I don't want to make myself sick anymore, and I don't want to make myself less anymore.
But, there are some days I still want to talk about it.
I eat fairly normally now, but sometimes I can't stop thinking about the nights I spent lying awake with my stomach empty and my head spinning.
“Wasn't I crazy?” I say to anyone who will listen.
Everyone recovers from a disorder or addiction differently.
Some people recover, and you never even knew they were once suffering. Some people recover and want to talk about it.
But, I feel like there is a point when you have to just let it go.
I could write essays and poems and novels about my eating disorder, but the truth is, by letting it be my inspiration, I am continuing to keep it alive, even in a small, strange way.
By keeping it in my thoughts and by telling the stories of my darkest moments, I am keeping my eating disorder part of who I am.
I know that talking and writing about it are helpful for recovery, but there is a point when you have to stop giving it time in your life and let it be a part of the past.
Even though I eat, even though I don't want to be sick anymore and even though I am happy now, a tiny part of me has still been holding on to who I used to be.
It's like a safety net I keep in the back of my mind. I can remember exactly how awful it felt to be that way, but I can also remember why it was so easy and addicting.
I also know I will never let my eating disorder win again. I know I will never let being skinny or empty be more important than being strong, than being a good friend, sister, daughter and person or than being happy.
But sometimes, when you are recovering from an illness or an addiction, even if you have a lot going on in other aspects of your life, you are left with this strange emptiness and the thought, "What now?"
The hardest part of recovery is choosing it and continuing to choose it every single day, even on the days when you do not want to.

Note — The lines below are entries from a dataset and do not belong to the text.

text \<open>An expansive matrix has trivial kernel (0 is not an eigenvalue), hence is invertible.\<close>
lemma expansive_inverse:
  fixes R :: "real^'d^'d"
  assumes "expansive R"
  shows "R ** matrix_inv R = Finite_Cartesian_Product.mat 1"
    and "matrix_inv R ** R = Finite_Cartesian_Product.mat 1"
proof -
  have "x = 0" if Rx: "R *v x = 0" for x
  proof (rule ccontr)
    assume "x \<noteq> 0"
    then have "cvec x \<noteq> 0" by (simp add: cvec_eq_0_iff)
    moreover have "complexify R *v cvec x = 0 *s cvec x"
      using Rx complexify_mult_cvec[of R x] by (simp add: cvec_def Finite_Cartesian_Product.vec_eq_iff)
    ultimately show False using assms unfolding expansive_def by force
  qed
  then obtain L where "L ** R = Finite_Cartesian_Product.mat 1"
    using matrix_left_invertible_ker by blast
  then have "\<exists>A'. R ** A' = Finite_Cartesian_Product.mat 1 \<and> A' ** R = Finite_Cartesian_Product.mat 1"
    using matrix_left_right_inverse by blast
  then have "R ** matrix_inv R = Finite_Cartesian_Product.mat 1 \<and>
             matrix_inv R ** R = Finite_Cartesian_Product.mat 1"
    unfolding matrix_inv_def by (rule someI_ex)
  then show "R ** matrix_inv R = Finite_Cartesian_Product.mat 1"
    and "matrix_inv R ** R = Finite_Cartesian_Product.mat 1" by auto
qed

text \<open>The eigenvalues of the inverse of an expansive matrix are the reciprocals of those of
  the matrix, so they all lie in the open unit disc.\<close>
lemma expansive_inverse_eigenvalues:
  fixes R :: "real^'d^'d"
  assumes "expansive R" and "cart_eigenvalue (complexify (matrix_inv R)) c"
  shows "norm c < 1"
proof -
  obtain w where w: "w \<noteq> 0" "complexify (matrix_inv R) *v w = c *s w"
    using assms(2) unfolding cart_eigenvalue_def by blast
  have "complexify R *v (complexify (matrix_inv R) *v w) = w"
    using expansive_inverse[OF assms(1)]
    by (simp add: matrix_vector_mul_assoc complexify_mult[symmetric] complexify_id)
  then have Rw: "c *s (complexify R *v w) = w"
    using w(2) by (simp add: vector_scalar_commute)
  then have "c \<noteq> 0" using w(1) by auto
  then have "complexify R *v w = inverse c *s w"
    using Rw by (metis vector_smult_assoc left_inverse vector_smult_lid)
  then have "1 < norm (inverse c)"
    using assms(1) w(1) unfolding expansive_def by blast
  then show ?thesis
    by (simp add: norm_inverse one_less_inverse_iff)
qed

text \<open>To use the spectral theory of the Jordan normal form library, a Cartesian complex matrix is
  translated into a list-based matrix along an enumeration \<open>h\<close> of the index type.\<close>
definition jnf_mat :: "(nat \<Rightarrow> 'n::finite) \<Rightarrow> complex^'n^'n \<Rightarrow> complex Matrix.mat" where
  "jnf_mat h C = Matrix.mat CARD('n) CARD('n) (\<lambda>(i, j). C $ h i $ h j)"

definition jnf_vec :: "(nat \<Rightarrow> 'n::finite) \<Rightarrow> complex^'n \<Rightarrow> complex Matrix.vec" where
  "jnf_vec h x = Matrix.vec CARD('n) (\<lambda>i. x $ h i)"

lemma jnf_mat_carrier [simp]: "jnf_mat (h :: nat \<Rightarrow> 'n::finite) C \<in> carrier_mat CARD('n) CARD('n)"
  by (simp add: jnf_mat_def)

lemma jnf_vec_carrier [simp]: "jnf_vec (h :: nat \<Rightarrow> 'n::finite) x \<in> carrier_vec CARD('n)"
  by (simp add: jnf_vec_def)

lemma jnf_vec_smult: "jnf_vec h (c *s x) = c \<cdot>\<^sub>v jnf_vec h x"
  by (auto simp: jnf_vec_def)

context
  fixes h :: "nat \<Rightarrow> 'n::finite"
  assumes h: "bij_betw h {0..<CARD('n)} UNIV"
begin

lemma jnf_vec_mult: "jnf_vec h (C *v y) = jnf_mat h C *\<^sub>v jnf_vec h y"
proof (rule eq_vecI)
  fix i assume "i < dim_vec (jnf_mat h C *\<^sub>v jnf_vec h y)"
  then have i: "i < CARD('n)" by (simp add: jnf_mat_def)
  have "(\<Sum>j\<in>UNIV. C $ h i $ j * y $ j) = (\<Sum>l\<in>{0..<CARD('n)}. C $ h i $ h l * y $ h l)"
    using sum.reindex_bij_betw[OF h, of "\<lambda>j. C $ h i $ j * y $ j"] by simp
  then show "vec_index (jnf_vec h (C *v y)) i = vec_index (jnf_mat h C *\<^sub>v jnf_vec h y) i"
    using i by (simp add: jnf_vec_def jnf_mat_def matrix_vector_mult_def scalar_prod_def)
qed (simp add: jnf_vec_def jnf_mat_def)

lemma jnf_vec_inj: "jnf_vec h x = jnf_vec h y \<Longrightarrow> x = y"
proof -
  assume eq: "jnf_vec h x = jnf_vec h y"
  have "x $ i = y $ i" for i
  proof -
    obtain l where "l < CARD('n)" "h l = i"
      using h unfolding bij_betw_def by (metis UNIV_I atLeastLessThan_iff imageE)
    then show ?thesis using arg_cong[OF eq, of "\<lambda>v. vec_index v l"] by (simp add: jnf_vec_def)
  qed
  then show "x = y" by (simp add: Finite_Cartesian_Product.vec_eq_iff)
qed

lemma jnf_vec_surj:
  assumes "v \<in> carrier_vec CARD('n)"
  obtains x where "jnf_vec h x = v"
proof
  define g where "g = inv_into {0..<CARD('n)} h"
  show "jnf_vec h (\<chi> i. vec_index v (g i)) = v"
  proof (rule eq_vecI)
    fix l assume "l < dim_vec v"
    then have l: "l < CARD('n)" using assms by simp
    then have "g (h l) = l" unfolding g_def using h by (simp add: bij_betw_def inv_into_f_f)
    then show "vec_index (jnf_vec h (\<chi> i. vec_index v (g i))) l = vec_index v l"
      using l by (simp add: jnf_vec_def)
  qed (use assms in \<open>simp add: jnf_vec_def\<close>)
qed

lemma jnf_vec_eq_0_iff: "jnf_vec h x = 0\<^sub>v CARD('n) \<longleftrightarrow> x = 0"
proof -
  have "jnf_vec h 0 = 0\<^sub>v CARD('n)" by (simp add: jnf_vec_def Matrix.zero_vec_def)
  then show ?thesis using jnf_vec_inj by metis
qed

lemma jnf_eigenvalue_iff: "eigenvalue (jnf_mat h C) c \<longleftrightarrow> cart_eigenvalue C c"
proof
  assume "eigenvalue (jnf_mat h C) c"
  then obtain v where v: "v \<in> carrier_vec CARD('n)" "v \<noteq> 0\<^sub>v CARD('n)" "jnf_mat h C *\<^sub>v v = c \<cdot>\<^sub>v v"
    unfolding eigenvalue_def eigenvector_def by (auto simp: jnf_mat_def)
  obtain w where w: "jnf_vec h w = v" using jnf_vec_surj[OF v(1)] by blast
  have "jnf_vec h (C *v w) = jnf_vec h (c *s w)"
    using v(3) w by (simp add: jnf_vec_mult jnf_vec_smult)
  then have "C *v w = c *s w" by (rule jnf_vec_inj)
  moreover have "w \<noteq> 0" using v(2) w jnf_vec_eq_0_iff by blast
  ultimately show "cart_eigenvalue C c" unfolding cart_eigenvalue_def by blast
next
  assume "cart_eigenvalue C c"
  then obtain w where w: "w \<noteq> 0" "C *v w = c *s w" unfolding cart_eigenvalue_def by blast
  have "jnf_mat h C *\<^sub>v jnf_vec h w = c \<cdot>\<^sub>v jnf_vec h w"
    using w(2) by (simp add: jnf_vec_mult[symmetric] jnf_vec_smult)
  then show "eigenvalue (jnf_mat h C) c"
    using w(1) jnf_vec_eq_0_iff unfolding eigenvalue_def eigenvector_def
    by (intro exI[of _ "jnf_vec h w"]) (simp add: jnf_mat_def)
qed

lemma jnf_vec_iterate: "jnf_vec h (((*v) C ^^ k) y) = jnf_mat h C ^\<^sub>m k *\<^sub>v jnf_vec h y"
proof (induction k arbitrary: y)
  case 0
  then show ?case by (simp add: jnf_mat_def)
next
  case (Suc k)
  have "jnf_vec h (((*v) C ^^ Suc k) y) = jnf_vec h (((*v) C ^^ k) (C *v y))"
    by (simp add: funpow_Suc_right del: funpow.simps)
  also have "\<dots> = jnf_mat h C ^\<^sub>m k *\<^sub>v (jnf_mat h C *\<^sub>v jnf_vec h y)"
    by (simp add: Suc jnf_vec_mult)
  also have "\<dots> = jnf_mat h C ^\<^sub>m Suc k *\<^sub>v jnf_vec h y"
    by (simp add: assoc_mult_mat_vec[of _ "CARD('n)" "CARD('n)" _ "CARD('n)"])
  finally show ?case .
qed

end

text \<open>The spectral radius of the translated matrix is attained at an eigenvalue, so if all
  eigenvalues lie in the open unit disc, the spectral radius is a bound \<open>< 1\<close> for them.\<close>
lemma spectral_radius_bounds:
  fixes C :: "complex^'n^'n" and h :: "nat \<Rightarrow> 'n::finite"
  assumes h: "bij_betw h {0..<CARD('n)} UNIV"
    and disc: "\<And>c. cart_eigenvalue C c \<Longrightarrow> norm c < 1"
  shows "spectral_radius (jnf_mat h C) < 1"
    and "cart_eigenvalue C c \<Longrightarrow> norm c \<le> spectral_radius (jnf_mat h C)"
proof -
  have "spectral_radius (jnf_mat h C) \<in> norm ` spectrum (jnf_mat h C)"
    by (rule spectral_radius_mem_max(1)[OF jnf_mat_carrier]) simp
  then show "spectral_radius (jnf_mat h C) < 1"
    using disc jnf_eigenvalue_iff[OF h] by (auto simp: spectrum_def)
  assume "cart_eigenvalue C c"
  then have "norm c \<in> norm ` spectrum (jnf_mat h C)"
    using jnf_eigenvalue_iff[OF h] by (auto simp: spectrum_def)
  then show "norm c \<le> spectral_radius (jnf_mat h C)"
    by (rule spectral_radius_mem_max(2)[OF jnf_mat_carrier zero_less_card_finite])
qed

lemma norm_le_sum_norm_cart: "norm (x :: 'a::real_normed_vector^'n) \<le> (\<Sum>i\<in>UNIV. norm (x $ i))"
  by (simp add: norm_vec_def L2_set_le_sum)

But the second hardest part is that after you recover, you kind of feel lost.
You are no longer the girl with the eating disorder. You are no longer the girl with the sad eyes and the blank stare.
So, who are you?
I think that is why relapse is common with any disorder or addiction.
I no longer spend my days counting every single thing that goes into my mouth, weighing myself constantly or thinking about ways to eat less.
I no longer stare at my body for hours in the mirror.
My mind is no longer clouded by lack of nutrients, and I am able to have clear thoughts and an improved memory.
I am no longer the girl with an eating disorder, but by keeping it a part of my life, I am the girl who used to have an eating disorder.
Sometimes that's OK.
It's good to share painful experiences and how I got the motivation to improve them in order to inspire and help others.
It's good to get it off my chest and share just how deeply painful my worst days were.
It's good to apologize for the ways I hurt others when I was hurting.
But eventually, I think it's important to get to a place where who I am is not defined by an eating disorder, an illness or an addiction at all.
This is kind of scary because for so long, I was the girl with an eating disorder, and then I was the girl who recovered from one.
Recovery is definitely something to be proud of, but it is imperative to focus on moving forward.
Who are you without your addictions, illnesses and disorders?
It's a necessary and difficult question to ask yourself when you're feeling really good about recovery from anything, and it's one I am still kind of trying to figure out the answer to.
But, for anyone who is in a similar place as I am, it's also important to remember that it's OK not to know who you are without them.
You just have to know you want to find out.